Re: [PATCH bpf-next v2 0/8] Support defragmenting IPv(4|6) packets in BPF

Daniel Xu <dxu@xxxxxxxxx> · Tue, 28 Feb 2023 16:17:16 -0700

Hi Alexei,

On Mon, Feb 27, 2023 at 08:56:38PM -0800, Alexei Starovoitov wrote:
> On Mon, Feb 27, 2023 at 5:57 PM Daniel Xu <dxu@xxxxxxxxx> wrote:
> >
> > Hi Alexei,
> >
> > On Mon, Feb 27, 2023 at 03:03:38PM -0800, Alexei Starovoitov wrote:
> > > On Mon, Feb 27, 2023 at 12:51:02PM -0700, Daniel Xu wrote:
> > > > === Context ===
> > > >
> > > > In the context of a middlebox, fragmented packets are tricky to handle.
> > > > The full 5-tuple of a packet is often only available in the first
> > > > fragment which makes enforcing consistent policy difficult. There are
> > > > really only two stateless options, neither of which are very nice:
> > > >
> > > > 1. Enforce policy on first fragment and accept all subsequent fragments.
> > > >    This works but may let in certain attacks or allow data exfiltration.
> > > >
> > > > 2. Enforce policy on first fragment and drop all subsequent fragments.
> > > >    This does not really work b/c some protocols may rely on
> > > >    fragmentation. For example, DNS may rely on oversized UDP packets for
> > > >    large responses.
> > > >
> > > > So stateful tracking is the only sane option. RFC 8900 [0] calls this
> > > > out as well in section 6.3:
> > > >
> > > >     Middleboxes [...] should process IP fragments in a manner that is
> > > >     consistent with [RFC0791] and [RFC8200]. In many cases, middleboxes
> > > >     must maintain state in order to achieve this goal.
> > > >
> > > > === BPF related bits ===
> > > >
> > > > However, when policy is enforced through BPF, the prog is run before the
> > > > kernel reassembles fragmented packets. This leaves BPF developers in a
> > > > awkward place: implement reassembly (possibly poorly) or use a stateless
> > > > method as described above.
> > > >
> > > > Fortunately, the kernel has robust support for fragmented IP packets.
> > > > This patchset wraps the existing defragmentation facilities in kfuncs so
> > > > that BPF progs running on middleboxes can reassemble fragmented packets
> > > > before applying policy.
> > > >
> > > > === Patchset details ===
> > > >
> > > > This patchset is (hopefully) relatively straightforward from BPF perspective.
> > > > One thing I'd like to call out is the skb_copy()ing of the prog skb. I
> > > > did this to maintain the invariant that the ctx remains valid after prog
> > > > has run. This is relevant b/c ip_defrag() and ip_check_defrag() may
> > > > consume the skb if the skb is a fragment.
> > >
> > > Instead of doing all that with extra skb copy can you hook bpf prog after
> > > the networking stack already handled ip defrag?
> > > What kind of middle box are you doing? Why does it have to run at TC layer?
> >
> > Unless I'm missing something, the only other relevant hooks would be
> > socket hooks, right?
> >
> > Unfortunately I don't think my use case can do that. We are running the
> > kernel as a router, so no sockets are involved.
> 
> Are you using bpf_fib_lookup and populating kernel routing
> table and doing everything on your own including neigh ?
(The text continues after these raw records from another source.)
(* Suppose $F$ satisfies Assumption A1, $F\in MDA(\Lambda)$, Assumption A3, and $x_F=\infty$. For a threshold $a$ set $\beta=\bar F(a)$, $\eta=f(a)$, $\nu=-f'(a)$. Fix $x$ with $1/2<x\le1$ and let $p=p(a)$ satisfy $1-p=x\beta$. Let $q=F^{-1}(p)$ be the true $p$-quantile and $q^*$ the optimal value of $$\sup_{q'\ge a,\,g}\ q'\ \text{ s.t. }(1-\beta)+\int_a^{q'}g=p,\ \int_a^\infty g=\beta,\ g(a)=g(a+)=\eta,\ g'_+(a)\ge-\nu,\ g\text{ convex and }\ge0\text{ on }[a,\infty).$$ Then $\lim_{a\to\infty}q^*/q=1$.
   Context: $X$ is a continuous random variable with distribution function $F$, density $f$, $\bar F=1-F$, right endpoint $x_F=\sup\{x:F(x)<1\}$. $\Lambda(x)=\exp\{-e^{-x}\}$. $F\in MDA(\Lambda)$ means there exist $c_n>0$, $d_n$ with $c_n^{-1}(M_n-d_n)$ converging in distribution to $\Lambda$, $M_n$ the maximum of $n$ i.i.d. copies of $X$. Assumption A1: there exists $z<x_F$ such that on $(z,x_F)$, $F$ is twice differentiable and $f$ is positive, decreasing and convex. Assumption A3: $\lim_{x\uparrow x_F}\bar F(x)f'(x)/f(x)^2=-1$. $g(a+)$ is the right limit and $g'_+$ the right derivative. *)

theory Defs
  imports "HOL-Analysis.Analysis"
begin

definition Gumbel :: "real \<Rightarrow> real" where
  "Gumbel x = exp (- exp (- x))"

text \<open>F in MDA(Lambda): the maximum M_n of n iid copies has distribution function F^n,
  so convergence in distribution of (M_n - d_n)/c_n to the continuous Lambda is
  pointwise convergence F(c_n x + d_n)^n -> Lambda(x) for all x.\<close>
definition MDA_Gumbel :: "(real \<Rightarrow> real) \<Rightarrow> bool" where
  "MDA_Gumbel F \<longleftrightarrow> (\<exists>c d :: nat \<Rightarrow> real. (\<forall>n. c n > 0) \<and>
      (\<forall>x. (\<lambda>n. F (c n * x + d n) ^ n) \<longlonglongrightarrow> Gumbel x))"

definition quantile :: "(real \<Rightarrow> real) \<Rightarrow> real \<Rightarrow> real" where
  "quantile F p = Inf {t. p \<le> F t}"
We're currently not doing any routing things in BPF yet. All the routing
manipulation has been done in iptables / netfilter so far. I'm not super
familiar with routing stuff but from what I understand there is some
relatively complicated stuff going on with BGP and ipsec tunnels at the
moment. Not sure if that answers your question.
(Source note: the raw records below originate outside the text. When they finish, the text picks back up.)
lemma norm_transfer_fn_le_resistance_form:
  assumes E: "1 \<bullet> E = 0" and \<omega>: "\<omega> \<noteq> 0"
  shows "cmod (transfer_fn L E (\<i> * of_real \<omega>)) \<le> E \<bullet> (pinv L *v E)"
proof -
  obtain a b where ab: "L *v a - \<omega> *\<^sub>R b = E" "L *v b + \<omega> *\<^sub>R a = 0"
    and G: "transfer_fn L E (\<i> * of_real \<omega>) = Complex (E \<bullet> a) (E \<bullet> b)"
    using transfer_fn_imaginary_axis[OF \<omega>] .
  define g where "g = cmod (Complex (E \<bullet> a) (E \<bullet> b))"
  define R where "R = E \<bullet> (pinv L *v E)"
  have "g * g = (E \<bullet> a)\<^sup>2 + (E \<bullet> b)\<^sup>2"
    by (simp add: g_def cmod_def power2_eq_square)
  also have "\<dots> \<le> R * (E \<bullet> a)"
    unfolding R_def by (rule resolvent_norm_sq_le[OF E ab])
  also have "\<dots> \<le> R * g"
    using complex_Re_le_cmod[of "Complex (E \<bullet> a) (E \<bullet> b)"] resistance_form_nonneg[OF E]
    by (simp add: g_def R_def mult_left_mono)
  finally have "g \<le> R"
    using resistance_form_nonneg[OF E] by (cases "g = 0") (simp_all add: g_def R_def)
  then show ?thesis by (simp add: G g_def R_def)
qed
> Have you considered to skb redirect to another netdev that does ip defrag?
> Like macvlan does it under some conditions. This can be generalized.

I had not considered that yet. Are you suggesting adding a new
passthrough netdev thing that'll defrags? I looked at the macvlan driver
and it looks like it defrags to handle some multicast corner case.

> Recently Florian proposed to allow calling bpf progs from all existing
> netfilter hooks.
> You can pretend to local deliver and hook in NF_INET_LOCAL_IN ?

Does that work for forwarding cases? I'm reading through [0] and it
seems to suggest that it'll only defrag for locally destined packets:

    If the destination IP address is matches with
    local NIC's IP address, the dst_input() function will brings the packets
    into the ip_local_deliver(), which will defrag the packet and pass it
    to the NF_IP_LOCAL_IN hook

Faking local delivery seems kinda ugly -- maybe I don't know any clean
ways.

[...]

[0]: https://kernelnewbies.org/Networking?action=AttachFile&do=get&target=hacking_the_wholism_of_linux_net.txt

Thanks,
Daniel